Breyer's ruling is a rebuke to the Department of Homeland Security, which proposed the regulation, and the White House, which has accomplished nothing on the immigration front since legislation went belly up this Spring. In his decision, Breyer found that the change would have "massive ramifications" for employers and that it was irresponsible to enforce such a change without first conducting a survey of cost and impact for small business. In an unusual alliance, labor groups including the AFL-CIO and business organizations like the United States Chamber of Commerce came together to file the lawsuit. The Chamber applauded yesterday's decision, and issued a statement today arguing that the "logical next step is for the federal government to enact comprehensive immigration reform. Attempts to regulate immigration on a piecemeal basis—whether by federal or state action—create a patchwork of inconsistent requirements that would have a negative effect on the US economy."

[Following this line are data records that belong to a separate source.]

lemma pos_orthant_exit_time:
  fixes p d :: "real^'n"
  assumes p: "p \<in> pos_orthant" and d: "vge d 0" "d \<noteq> 0"
  obtains b i where "0 < b" "\<And>\<beta>. 0 \<le> \<beta> \<Longrightarrow> \<beta> < b \<Longrightarrow> p - \<beta> *\<^sub>R d \<in> pos_orthant"
    "(p - b *\<^sub>R d) $ i = 0"
proof -
  define I where "I = {i. 0 < d $ i}"
  define b where "b = Min ((\<lambda>i. p $ i / d $ i) ` I)"
  have "I \<noteq> {}"
    using d by (force simp: I_def vge_def vec_eq_iff order_less_le)
  then have "b \<in> (\<lambda>i. p $ i / d $ i) ` I"
    unfolding b_def by (intro Min_in) auto
  then obtain i where i: "i \<in> I" "b = p $ i / d $ i"
    by blast
  have b_le: "b \<le> p $ j / d $ j" if "j \<in> I" for j
    using that by (simp add: b_def)
  show ?thesis
  proof
    show "0 < b"
      using i p by (simp add: I_def pos_orthant_def)
    show "(p - b *\<^sub>R d) $ i = 0"
      using i by (simp add: I_def)
    fix \<beta> :: real
    assume \<beta>: "0 \<le> \<beta>" "\<beta> < b"
    have "\<beta> * d $ j < p $ j" for j
    proof (cases "j \<in> I")
      case True
      with b_le \<beta> have "\<beta> < p $ j / d $ j" by fastforce
      with True show ?thesis by (simp add: I_def pos_less_divide_eq)
    next
      case False
      moreover have "0 \<le> d $ j"
        using d(1) by (simp add: vge_def)
      ultimately have "d $ j = 0" by (simp add: I_def)
      with p show ?thesis by (simp add: pos_orthant_def)
    qed
    then show "p - \<beta> *\<^sub>R d \<in> pos_orthant"
      by (simp add: pos_orthant_def)
  qed
qed

lemma one_invariant_pos_if_component_nonneg:
  assumes inv: "one_invariant C" and zeros: "{q. C q = 0} \<subseteq> neg_orthant"
    and x: "0 \<le> x $ i"
  shows "0 < C x"
proof (rule ccontr)
  assume "\<not> 0 < C x"
  have "C (x - C x *\<^sub>R vec 1) = 0"
    using inv[unfolded one_invariant_def, rule_format, of x "- C x"] by simp
  with zeros have "(x - C x *\<^sub>R vec 1) $ i < 0"
    by (auto simp: neg_orthant_def)
  with x \<open>\<not> 0 < C x\<close> show False by simp
qed

lemma pos_orthant_nonzero: "q \<in> pos_orthant \<Longrightarrow> q \<noteq> 0"
  by (auto simp: pos_orthant_def)

lemma vge_scaleR: "0 \<le> c \<Longrightarrow> vge x y \<Longrightarrow> vge (c *\<^sub>R x) (c *\<^sub>R y)"
  by (simp add: vge_def mult_left_mono)

locale cost_function =
  fixes C :: "real^'n \<Rightarrow> real"
  assumes convex: "convex_on UNIV C"
    and increasing: "increasing_fn C"
    and invariant: "one_invariant C"
    and pos_at_zero: "0 < C 0"
begin

lemma continuous_on_UNIV: "continuous_on UNIV C"
  using convex_on_continuous[OF open_UNIV convex] .

lemma strict_mono_vge: "vge x y \<Longrightarrow> x \<noteq> y \<Longrightarrow> C y < C x"
  using increasing by (simp add: increasing_fn_def)

lemma mono_vge: "vge x y \<Longrightarrow> C y \<le> C x"
  using strict_mono_vge by (cases "x = y") (auto simp: less_imp_le)

lemma level_strict_antimono:
  assumes "0 < \<alpha>" "vge x y" "x \<noteq> y"
  shows "C (- (inverse \<alpha> *\<^sub>R x)) < C (- (inverse \<alpha> *\<^sub>R y))"
proof (rule strict_mono_vge)
  show "vge (- (inverse \<alpha> *\<^sub>R y)) (- (inverse \<alpha> *\<^sub>R x))"
    using vge_scaleR[of "inverse \<alpha>", OF _ assms(2)] assms(1) by (simp add: vge_def)
  show "- (inverse \<alpha> *\<^sub>R y) \<noteq> - (inverse \<alpha> *\<^sub>R x)"
    using assms(1,3) by simp
qed

lemma ray_strict_antimono:
  assumes "q \<in> pos_orthant" "s < t"
  shows "C (- (t *\<^sub>R q)) < C (- (s *\<^sub>R q))"
proof (rule strict_mono_vge)
  show "vge (- (s *\<^sub>R q)) (- (t *\<^sub>R q))"
    using assms by (simp add: vge_def pos_orthant_def mult_right_mono less_imp_le)
  show "- (s *\<^sub>R q) \<noteq> - (t *\<^sub>R q)"
    using assms pos_orthant_nonzero by simp
qed

lemma root_on_ray_unique:
  assumes q: "q \<in> pos_orthant"
    and "0 < a" "C (- (inverse a *\<^sub>R q)) = 0"
    and "0 < b" "C (- (inverse b *\<^sub>R q)) = 0"
  shows "a = b"
proof (rule ccontr)
  assume "a \<noteq> b"
  then have "inverse a < inverse b \<or> inverse b < inverse a"
    by (metis inverse_inverse_eq linorder_neq_iff)
  with ray_strict_antimono[OF q] assms(3,5) show False
    by fastforce
qed

lemma root_on_ray_exists:
  assumes q: "q \<in> pos_orthant"
  shows "\<exists>\<alpha>>0. C (- (inverse \<alpha> *\<^sub>R q)) = 0"
proof -
  define m where "m = Min (range (\<lambda>i. q $ i))"
  have m_le: "m \<le> q $ i" for i
    by (simp add: m_def)
  have "0 < m"
    using q by (simp add: m_def pos_orthant_def)
  define T where "T = C 0 / m"
  have "0 < T"
    using pos_at_zero \<open>0 < m\<close> by (simp add: T_def)
  have "C (- (T *\<^sub>R q)) \<le> C (0 + (- (T * m)) *\<^sub>R vec 1)"
    using m_le \<open>0 < T\<close> by (intro mono_vge) (simp add: vge_def mult_left_mono)
  also have "\<dots> = C 0 - T * m"
    using invariant by (simp only: one_invariant_def)
  also have "\<dots> = 0"
    using \<open>0 < m\<close> by (simp add: T_def)
  finally have "C (- (T *\<^sub>R q)) \<le> 0" .
  moreover have "continuous_on {0..T} (\<lambda>t. C (- (t *\<^sub>R q)))"
    by (intro continuous_on_compose2[OF continuous_on_UNIV] continuous_intros) auto
  ultimately obtain t where t: "0 \<le> t" "t \<le> T" "C (- (t *\<^sub>R q)) = 0"
    using IVT2'[of "\<lambda>t. C (- (t *\<^sub>R q))" T 0 0] pos_at_zero \<open>0 < T\<close> by auto
  with pos_at_zero have "0 < t"
    by (cases "t = 0") auto
  with t show ?thesis
    by (intro exI[of _ "inverse t"]) simp
qed

lemma ex1_root_on_ray:
  "q \<in> pos_orthant \<Longrightarrow> \<exists>!\<alpha>. 0 < \<alpha> \<and> C (- (inverse \<alpha> *\<^sub>R q)) = 0"
  using root_on_ray_exists root_on_ray_unique by blast

lemma potential_root:
  "q \<in> pos_orthant \<Longrightarrow> 0 < potential C q \<and> C (- (inverse (potential C q) *\<^sub>R q)) = 0"
  unfolding potential_def by (rule theI'[OF ex1_root_on_ray])

lemma potential_eq_iff:
  "q \<in> pos_orthant \<Longrightarrow> 0 < \<alpha> \<Longrightarrow> potential C q = \<alpha> \<longleftrightarrow> C (- (inverse \<alpha> *\<^sub>R q)) = 0"
  using potential_root root_on_ray_unique by blast

lemma cfmm_potential_iff:
  assumes "h \<in> valhist (cfmm (potential C))"
  shows "r \<in> cfmm (potential C) h \<longleftrightarrow> reserves h + r \<in> pos_orthant \<and>
    C (- (inverse (potential C (reserves h)) *\<^sub>R (reserves h + r))) = 0"
  using valhist_nonempty[OF assms] valhist_cfmm_reserves_pos[OF assms]
    potential_eq_iff potential_root
  by (auto simp: cfmm_def)

lemma convex_neg_scaled_sublevel: "convex {x. C (- (c *\<^sub>R x)) \<le> 0}"
  unfolding convex_alt
proof (intro ballI allI impI, clarsimp)
  fix x y :: "real^'n" and u :: real
  assume "C (- (c *\<^sub>R x)) \<le> 0" "C (- (c *\<^sub>R y)) \<le> 0" "0 \<le> u" "u \<le> 1"
  have "C (- (c *\<^sub>R ((1 - u) *\<^sub>R x + u *\<^sub>R y)))
      = C ((1 - u) *\<^sub>R (- (c *\<^sub>R x)) + u *\<^sub>R (- (c *\<^sub>R y)))"
    by (simp add: algebra_simps)
  also have "\<dots> \<le> (1 - u) * C (- (c *\<^sub>R x)) + u * C (- (c *\<^sub>R y))"
    using convex_onD[OF convex] \<open>0 \<le> u\<close> \<open>u \<le> 1\<close> by blast
  also have "\<dots> \<le> 0"
    using \<open>C (- (c *\<^sub>R x)) \<le> 0\<close> \<open>C (- (c *\<^sub>R y)) \<le> 0\<close> \<open>0 \<le> u\<close> \<open>u \<le> 1\<close>
    by (simp add: add_nonpos_nonpos mult_nonneg_nonpos)
  finally show "C (- (c *\<^sub>R ((1 - u) *\<^sub>R x + u *\<^sub>R y))) \<le> 0" .
qed

lemma NoDominatedTrades_cfmm_potential: "NoDominatedTrades (cfmm (potential C))"
  unfolding NoDominatedTrades_def
proof (intro ballI notI, elim exE conjE)
  fix h r r'
  assume h: "h \<in> valhist (cfmm (potential C))"
    and r: "r \<in> cfmm (potential C) h" and r': "r' \<in> cfmm (potential C) h"
    and "vge r' r" "r' \<noteq> r"
  define q where "q = reserves h"
  have "0 < potential C q"
    using potential_root valhist_cfmm_reserves_pos[OF h] by (simp add: q_def)
  moreover have "vge (q + r') (q + r)" "q + r' \<noteq> q + r"
    using \<open>vge r' r\<close> \<open>r' \<noteq> r\<close> by (auto simp: vge_def)
  ultimately have "C (- (inverse (potential C q) *\<^sub>R (q + r')))
      < C (- (inverse (potential C q) *\<^sub>R (q + r)))"
    by (rule level_strict_antimono)
  with r r' show False
    by (simp add: cfmm_potential_iff[OF h] q_def)
qed

lemma DemandResponsiveness_cfmm_potential: "DemandResponsiveness (cfmm (potential C))"
  unfolding DemandResponsiveness_def
proof (intro ballI allI impI, elim conjE)
  fix h r r' and a b :: real
  assume h: "h \<in> valhist (cfmm (potential C))"
    and "vge r' 0" "r' \<noteq> 0" and trade: "r - r' \<in> cfmm (potential C) h"
    and "0 < a" and trade': "a *\<^sub>R r - b *\<^sub>R r' \<in> cfmm (potential C) (h @ [r - r'])"
  define q where "q = reserves h"
  define x where "x = q + (r - r')"
  define D where "D = x + (a *\<^sub>R r - b *\<^sub>R r')"
  define \<alpha> where "\<alpha> = potential C q"
  have h': "h @ [r - r'] \<in> valhist (cfmm (potential C))"
    using h trade by (rule valhist.step)
  have "0 < \<alpha>" and q_root: "C (- (inverse \<alpha> *\<^sub>R q)) = 0"
    using potential_root valhist_cfmm_reserves_pos[OF h] by (simp_all add: \<alpha>_def q_def)
  have "x \<in> pos_orthant" and x_root: "C (- (inverse \<alpha> *\<^sub>R x)) = 0"
    using trade by (simp_all add: cfmm_potential_iff[OF h] x_def q_def \<alpha>_def)
  then have "potential C x = \<alpha>"
    using \<open>0 < \<alpha>\<close> by (simp add: potential_eq_iff)
  with trade' have D_root: "C (- (inverse \<alpha> *\<^sub>R D)) = 0"
    by (simp add: cfmm_potential_iff[OF h'] D_def x_def q_def)
  show "b \<le> a"
  proof (rule ccontr)
    assume "\<not> b \<le> a"
    define t where "t = 1 / (1 + a)"
    define c where "c = (b - a) / (1 + a)"
    have "0 \<le> t" "t \<le> 1" "0 < c"
      using \<open>0 < a\<close> \<open>\<not> b \<le> a\<close> by (simp_all add: t_def c_def)
    have "(1 - t) *\<^sub>R q + t *\<^sub>R D = x - c *\<^sub>R r'"
    proof -
      have "1 + a \<noteq> 0"
        using \<open>0 < a\<close> by simp
      then show ?thesis
        by (simp add: vec_eq_iff t_def c_def D_def x_def divide_simps) (simp add: algebra_simps)
    qed
    moreover have "(1 - t) *\<^sub>R q + t *\<^sub>R D \<in> {y. C (- (inverse \<alpha> *\<^sub>R y)) \<le> 0}"
      using convex_neg_scaled_sublevel[unfolded convex_alt] q_root D_root \<open>0 \<le> t\<close> \<open>t \<le> 1\<close>
      by simp
    ultimately have "C (- (inverse \<alpha> *\<^sub>R (x - c *\<^sub>R r'))) \<le> 0"
      by simp
    moreover have "vge x (x - c *\<^sub>R r')" "x \<noteq> x - c *\<^sub>R r'"
      using \<open>vge r' 0\<close> \<open>r' \<noteq> 0\<close> \<open>0 < c\<close> by (auto simp: vge_def)
    ultimately show False
      using level_strict_antimono[OF \<open>0 < \<alpha>\<close>] x_root by fastforce
  qed
qed

lemma Liquidation_cfmm_potential:
  assumes zeros: "{q. C q = 0} \<subseteq> neg_orthant"
  shows "Liquidation (cfmm (potential C))"
  unfolding Liquidation_def
proof (intro ballI allI impI, elim conjE)
  fix h and r r' :: "real^'n"
  assume h: "h \<in> valhist (cfmm (potential C))"
    and "vge r 0" "vge r' 0" "r \<noteq> 0" "r' \<noteq> 0"
  define q where "q = reserves h"
  define \<alpha> where "\<alpha> = potential C q"
  define f where "f \<beta> = C (- (inverse \<alpha> *\<^sub>R (q + r - \<beta> *\<^sub>R r')))" for \<beta>
  have q: "q \<in> pos_orthant"
    using valhist_cfmm_reserves_pos[OF h] by (simp add: q_def)
  then have "0 < \<alpha>" "C (- (inverse \<alpha> *\<^sub>R q)) = 0"
    using potential_root by (simp_all add: \<alpha>_def)
  have "q + r \<in> pos_orthant"
    using q \<open>vge r 0\<close> by (simp add: pos_orthant_def vge_def add_pos_nonneg)
  then obtain b i where "0 < b"
    and inside: "\<And>\<beta>. 0 \<le> \<beta> \<Longrightarrow> \<beta> < b \<Longrightarrow> q + r - \<beta> *\<^sub>R r' \<in> pos_orthant"
    and exit: "(q + r - b *\<^sub>R r') $ i = 0"
    using pos_orthant_exit_time \<open>vge r' 0\<close> \<open>r' \<noteq> 0\<close> by blast
  have "vge (q + r) q" "q + r \<noteq> q"
    using \<open>vge r 0\<close> \<open>r \<noteq> 0\<close> by (auto simp: vge_def)
  then have "f 0 < 0"
    using level_strict_antimono[OF \<open>0 < \<alpha>\<close>] \<open>C (- (inverse \<alpha> *\<^sub>R q)) = 0\<close>
    by (fastforce simp: f_def)
  moreover have "0 < f b"
    unfolding f_def using exit
    by (intro one_invariant_pos_if_component_nonneg[OF invariant zeros, of _ i]) simp
  moreover have "continuous_on {0..b} f"
    unfolding f_def by (intro continuous_on_compose2[OF continuous_on_UNIV] continuous_intros) auto
  ultimately obtain \<beta> where "0 \<le> \<beta>" "\<beta> \<le> b" "f \<beta> = 0"
    using IVT'[of f 0 0 b] \<open>0 < b\<close> by force
  moreover from this have "\<beta> < b"
    using \<open>0 < f b\<close> by (cases "\<beta> = b") auto
  ultimately have "r - \<beta> *\<^sub>R r' \<in> cfmm (potential C) h"
    using inside by (simp add: cfmm_potential_iff[OF h] f_def algebra_simps flip: q_def \<alpha>_def)
  with \<open>0 \<le> \<beta>\<close> show "\<exists>\<beta>\<ge>0. r - \<beta> *\<^sub>R r' \<in> cfmm (potential C) h"
    by blast
qed

end

theorem proposition4p5:
  fixes C :: "real^'n \<Rightarrow> real"
  assumes "convex_on UNIV C"
    and "increasing_fn C"
    and "one_invariant C"
    and "C 0 > 0"
    and "{q. C q = 0} \<subseteq> neg_orthant"
  shows "(\<forall>q \<in> pos_orthant. \<exists>!\<alpha>. 0 < \<alpha> \<and> C (- (inverse \<alpha> *\<^sub>R q)) = 0)
    \<and> Liquidation (cfmm (potential C))
    \<and> NoDominatedTrades (cfmm (potential C))
    \<and> PathIndependence (cfmm (potential C))
    \<and> DemandResponsiveness (cfmm (potential C))
    \<and> BoundedReserves (cfmm (potential C))"
proof -
  interpret cost_function C
    using assms(1-4) by unfold_locales
  show ?thesis
    using ex1_root_on_ray Liquidation_cfmm_potential[OF assms(5)]
      NoDominatedTrades_cfmm_potential PathIndependence_cfmm
      DemandResponsiveness_cfmm_potential BoundedReserves_cfmm
    by blast
qed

Although Breyer's injunction is preliminary—the court may not reach a final decision on the case for many months—yesterday's decision made clear that Breyer is skeptical of the government's argument that the rule would impose no "new or additional costs" on employers. In a September 18 letter, the Office of Advocacy of the Small Business Administration, which is independent from the SBA, also raised this concern, arguing that the government had not done its necessary analysis on the impact on small business before announcing the new regulation. The SBA, which supported the rule, did not respond to calls.

As an employer what do you think of the no-match rule? What kind of legislation would you propose to deal with illegal immigration? Which presidential candidates do you think are best equipped to deal with these issues?